The T.6/24 entered service with the RNZAF in 1970, after the prototype Airtourer 150 ZK-CXS was evaluated in 1968. This variant featured a 150hp Lycoming O-320-E1A powerplant, electric trim and flaps and a constant speed propellor. Less popular than the Harvards in service at that time, the four aircraft (NZ1760-1763) were used for basic training of army pilots in the helicopter programme, and as general runabouts. Superceded by the introduction of the Airtrainer in 1976, the aircraft were then utilised for University Cadet air experience flights, and the Air Training Corp annual Flying Scholarship training. The aircraft were retired in 1993, and sold by tender. The sale attracted 56 tenders, and all four aircraft have continued in civil use.

I must admit a soft spot for these aircraft, having flown three of the above listed aircraft (60, 61, and 62) as an ATC cadet in 1981. I subsequently went solo in Victa 115 ZK-CXQ (c/n 518). Unfortunately this aircraft is no more - it crashed during an airshow at Tokoroa on November 18, 1983 while being displayed by Cliff Tait.
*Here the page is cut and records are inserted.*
lemma der_J_conjs: "der rc H (Dia a P) \<Longrightarrow> (\<forall>f\<in>set xs. \<exists>c F. f = Dia c F \<and> c < a \<and> der rc H f)
   \<Longrightarrow> der rc H (Dia a (Conj P (conjs xs)))"
proof (induction xs arbitrary: P)
  case Nil
  have "der rc P (Conj P Top)" by (rule der_conjI[OF der_refl der_top])
  then show ?case using Nil der_cut der_mono unfolding conjs_def by fastforce
next
  case (Cons f xs)
  then obtain c F where f: "f = Dia c F" "c < a" "der rc H f" by auto
  have "der rc H (Dia a (Conj P f))" using der_J_intro Cons.prems f by blast
  then have "der rc H (Dia a (Conj (Conj P f) (conjs xs)))" using Cons by auto
  then show ?case by (simp add: conjs_def) (meson der_assoc der_cut der_mono)
qed

lemma der_J_bigconj: "finite X \<Longrightarrow> der rc H (Dia a P)
   \<Longrightarrow> (\<forall>f\<in>X. \<exists>c F. f = Dia c F \<and> c < a \<and> der rc H f)
   \<Longrightarrow> der rc H (Dia a (Conj P (bigconj X)))"
  unfolding bigconj_def using der_J_conjs set_enumeration by metis

subsection \<open>The canonical tree and its paths\<close>

lemma trel_length: "(y,z) \<in> trel A a \<Longrightarrow> length y < length z"
proof (induction A arbitrary: y z)
  case (Conj A1 A2)
  then show ?case
    apply (auto simp: emb_def split: if_splits)
    by fastforce+
qed (auto split: if_splits)

lemma trel_parent: "(x,z) \<in> trel A a \<Longrightarrow> (y,z) \<in> trel A b \<Longrightarrow> x = y \<and> a = b"
proof (induction A arbitrary: x y z)
  case (Conj A1 A2)
  then show ?case
    apply (auto simp: emb_def split: if_splits)
    by (metis less_nat_zero_code list.size(3) trel_length)+
next
  case (Dia c A)
  then show ?case
    apply (auto split: if_splits)
    by (metis less_nat_zero_code list.size(3) trel_length)+
qed auto

lemma root_node: "[] \<in> tnodes A" by (induction A) (auto simp: emb_def image_iff)

lemma trel_nodes: "(y,z) \<in> trel A a \<Longrightarrow> y \<in> tnodes A \<and> z \<in> tnodes A"
  by (induction A arbitrary: y z) (auto split: if_splits intro: root_node)

lemma trel_mods: "(y,z) \<in> trel A a \<Longrightarrow> a \<in> mods A"
  by (induction A arbitrary: y z) (auto split: if_splits)

lemma finite_tnodes: "finite (tnodes A)" by (induction A) auto
lemma finite_mods: "finite (mods A)" by (induction A) auto
lemma finite_tval: "finite {p. tval A p \<noteq> {}}"
proof (induction A)
  case (Conj A1 A2)
  have "{p. tval (Conj A1 A2) p \<noteq> {}} \<subseteq> {p. tval A1 p \<noteq> {}} \<union> {p. tval A2 p \<noteq> {}}" by auto
  then show ?case using Conj finite_subset by blast
qed auto

inductive tpath :: "'p fm \<Rightarrow> dir list \<Rightarrow> dir list \<Rightarrow> enat list \<Rightarrow> bool" for A where
  tp_nil: "tpath A x x []"
| tp_cons: "(x,y) \<in> trel A a \<Longrightarrow> tpath A y z ls \<Longrightarrow> tpath A x z (a#ls)"

lemma tpath_nil_iff[simp]: "tpath A x y [] \<longleftrightarrow> x = y"
  by (auto elim: tpath.cases intro: tp_nil)

lemma tpath_append: "tpath A x y l \<Longrightarrow> tpath A y z l' \<Longrightarrow> tpath A x z (l @ l')"
  by (induction rule: tpath.induct) (auto intro: tp_cons)

lemma tpath_snoc: "tpath A x z (ls @ [a]) \<Longrightarrow> \<exists>y. tpath A x y ls \<and> (y,z) \<in> trel A a"
proof (induction ls arbitrary: x)
  case Nil
  then show ?case by (auto elim: tpath.cases)
next
  case (Cons b ls)
  then obtain y where "(x,y) \<in> trel A b" "tpath A y z (ls @ [a])" by (auto elim: tpath.cases)
  then show ?case using Cons.IH tp_cons by blast
qed

lemma tpath_nodes: "tpath A x y l \<Longrightarrow> x \<in> tnodes A \<Longrightarrow> y \<in> tnodes A"
  by (induction rule: tpath.induct) (auto dest: trel_nodes)

lemma tpath_mods: "tpath A x y l \<Longrightarrow> set l \<subseteq> mods A"
  by (induction rule: tpath.induct) (auto dest: trel_mods)

lemma tpath_comparable:
  "tpath A w x l1 \<Longrightarrow> tpath A w' x l2 \<Longrightarrow>
    (\<exists>l. tpath A w w' l \<and> l1 = l @ l2) \<or> (\<exists>l. tpath A w' w l \<and> l2 = l @ l1)"
proof (induction l1 arbitrary: x l2 rule: rev_induct)
  case Nil
  then show ?case by auto
next
  case (snoc a l1)
  then obtain y where y: "tpath A w y l1" "(y,x) \<in> trel A a" using tpath_snoc by blast
  show ?case
  proof (cases l2 rule: rev_exhaust)
    case Nil
    then show ?thesis using snoc.prems by auto
  next
    case (snoc l2' b)
    then obtain y' where y': "tpath A w' y' l2'" "(y',x) \<in> trel A b"
      using snoc.prems tpath_snoc by blast
    then have "y' = y" "b = a" using y trel_parent by blast+
    then show ?thesis using snoc.IH[OF y(1)] y' snoc by auto
  qed
qed

lemma tpath_to_root: "tpath A w [] l \<Longrightarrow> l = []"
  by (cases l rule: rev_exhaust) (auto dest!: tpath_snoc trel_length)

subsection \<open>The least models described explicitly\<close>

definition good_path :: "bool \<Rightarrow> enat \<Rightarrow> enat list \<Rightarrow> bool" where
  "good_path rc c ls \<longleftrightarrow> ls \<noteq> [] \<and> (\<forall>l\<in>set ls. c \<le> l) \<and> (rc \<or> c \<in> set ls)"

(* The c-relation of the least model: u is reached by a c-good path from a node w
   which reaches y through labels > c (so that y inherits the c-successors of w). *)
definition clo :: "bool \<Rightarrow> enat set \<Rightarrow> 'p fm \<Rightarrow> enat \<Rightarrow> (dir list \<times> dir list) set" where
  "clo rc S A c = {(y,u). c \<in> S \<and> (\<exists>w l1 l2. w \<in> tnodes A \<and> tpath A w y l1
      \<and> (\<forall>l\<in>set l1. c < l) \<and> tpath A w u l2 \<and> good_path rc c l2)}"

lemma good_path_weaken: "good_path rc b q \<Longrightarrow> c \<le> b \<Longrightarrow> (c = b \<or> rc) \<Longrightarrow> good_path rc c q"
  unfolding good_path_def by (auto intro: order_trans)

lemma clo_outside: "c \<notin> S \<Longrightarrow> clo rc S A c = {}"
  unfolding clo_def by simp

(* The closure for c \<in> S does not depend on S; this lets RC use modalities outside S. *)
lemma clo_UNIV: "c \<in> S \<Longrightarrow> clo rc S A c = clo rc UNIV A c"
  unfolding clo_def by simp

lemma clo_nodes: "clo rc S A c \<subseteq> tnodes A \<times> tnodes A"
  unfolding clo_def using tpath_nodes by blast

lemma clo_trel: "c \<in> S \<Longrightarrow> trel A c \<subseteq> clo rc S A c"
proof
  fix p assume c: "c \<in> S" and p: "p \<in> trel A c"
  obtain y z where yz: "p = (y,z)" "(y,z) \<in> trel A c" using p by (cases p) auto
  have "tpath A y z [c]" using yz(2) tp_cons tp_nil by blast
  moreover have "good_path rc c [c]" by (simp add: good_path_def)
  moreover have "y \<in> tnodes A" using trel_nodes yz(2) by blast
  ultimately show "p \<in> clo rc S A c" unfolding clo_def using c yz(1) tp_nil by fastforce
qed

lemma clo_comp:
  assumes "a \<in> S" "b \<in> S" "(x,y) \<in> clo rc S A a" "(y,z) \<in> clo rc S A b"
  shows "(x,z) \<in> clo rc S A (min a b)"
proof -
  obtain w1 p1 q1 where 1: "w1 \<in> tnodes A" "tpath A w1 x p1" "\<forall>l\<in>set p1. a < l"
      "tpath A w1 y q1" "good_path rc a q1"
    using assms(3) unfolding clo_def by blast
  obtain w2 p2 q2 where 2: "w2 \<in> tnodes A" "tpath A w2 y p2" "\<forall>l\<in>set p2. b < l"
      "tpath A w2 z q2" "good_path rc b q2"
    using assms(4) unfolding clo_def by blast
  have mS: "min a b \<in> S" using assms by (simp add: min_def)
  have q1: "\<forall>v\<in>set q1. a \<le> v" "rc \<or> a \<in> set q1" using 1(5) unfolding good_path_def by blast+
  have q2: "\<forall>v\<in>set q2. b \<le> v" "rc \<or> b \<in> set q2" "q2 \<noteq> []"
    using 2(5) unfolding good_path_def by blast+
  have p1m: "\<forall>v\<in>set p1. min a b < v" using 1(3) by (simp add: min_less_iff_disj)
  from tpath_comparable[OF 1(4) 2(2)] show ?thesis
  proof
    (* w2 lies below w1: the composed good path runs from w1 through w2 to z *)
    assume "\<exists>l. tpath A w1 w2 l \<and> q1 = l @ p2"
    then obtain l where l: "tpath A w1 w2 l" "q1 = l @ p2" by blast
    have ge: "\<forall>v\<in>set (l@q2). min a b \<le> v" using q1(1) q2(1) l(2) by (auto simp: min_le_iff_disj)
    have "rc \<or> min a b \<in> set (l@q2)"
    proof (cases "b \<le> a")
      case True then show ?thesis using q2(2) by (auto simp: min_def)
    next
      case False
      then have "a \<notin> set p2" using 2(3) by (meson linorder_not_le not_less_iff_gr_or_eq order.strict_trans)
      then show ?thesis using q1(2) l(2) False by (auto simp: min_def)
    qed
    then have "good_path rc (min a b) (l @ q2)" using ge q2(3) unfolding good_path_def by simp
    then show ?thesis unfolding clo_def using mS 1(1,2) p1m tpath_append[OF l(1) 2(4)] by blast
  next
    (* w1 lies below w2: x inherits the b-successor z from w2 *)
    assume "\<exists>l. tpath A w2 w1 l \<and> p2 = l @ q1"
    then obtain l where l: "tpath A w2 w1 l" "p2 = l @ q1" by blast
    have "rc" if "a < b"
    proof (rule ccontr)
      assume "\<not> rc"
      then have "a \<in> set p2" using q1(2) l(2) by simp
      then show False using 2(3) that by (meson less_imp_le leD)
    qed
    then have "good_path rc (min a b) q2"
      using good_path_weaken[OF 2(5)] by (cases "b \<le> a") (auto simp: min_def)
    moreover have "\<forall>v\<in>set (l@p1). min a b < v" using p1m 2(3) l(2) by (auto simp: min_less_iff_disj)
    ultimately show ?thesis unfolding clo_def using mS 2(1,4) tpath_append[OF l(1) 1(2)] by blast
  qed
qed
Fifteen other Airtourers are currently on the New Zealand active register (as at December 2, 2002). These are
Airtourer 100: CHF (c/n 98), CMD (c/n 154),
Airtourer 115: CLD (c/n 130 ex ZK-CLH), CLF (c/n 121), CMF (c/n 157), CWA (c/n 506 ex VQ-FPD), CWC (c/n 510), CXU (c/n 521), VTR (c/n 516 ex ZK-CWE),
Airtourer T.3A: DLO (c/n C87 ex ZK-CHB), DNF (c/n C126 ex ZK-CLE), DSZ (c/n C60 ex ZK-CGP),
Airtourer 150: DAC (c/n A545),
Airtourer T.6/24: CYS (c/n A526), DBD (c/n A551 ex ZK-CGQ).

Last Update:- 2 December, 2002
Last Picture Update:- 2 December, 2002

Technical Data

Data is for the Victa 115 (T.2)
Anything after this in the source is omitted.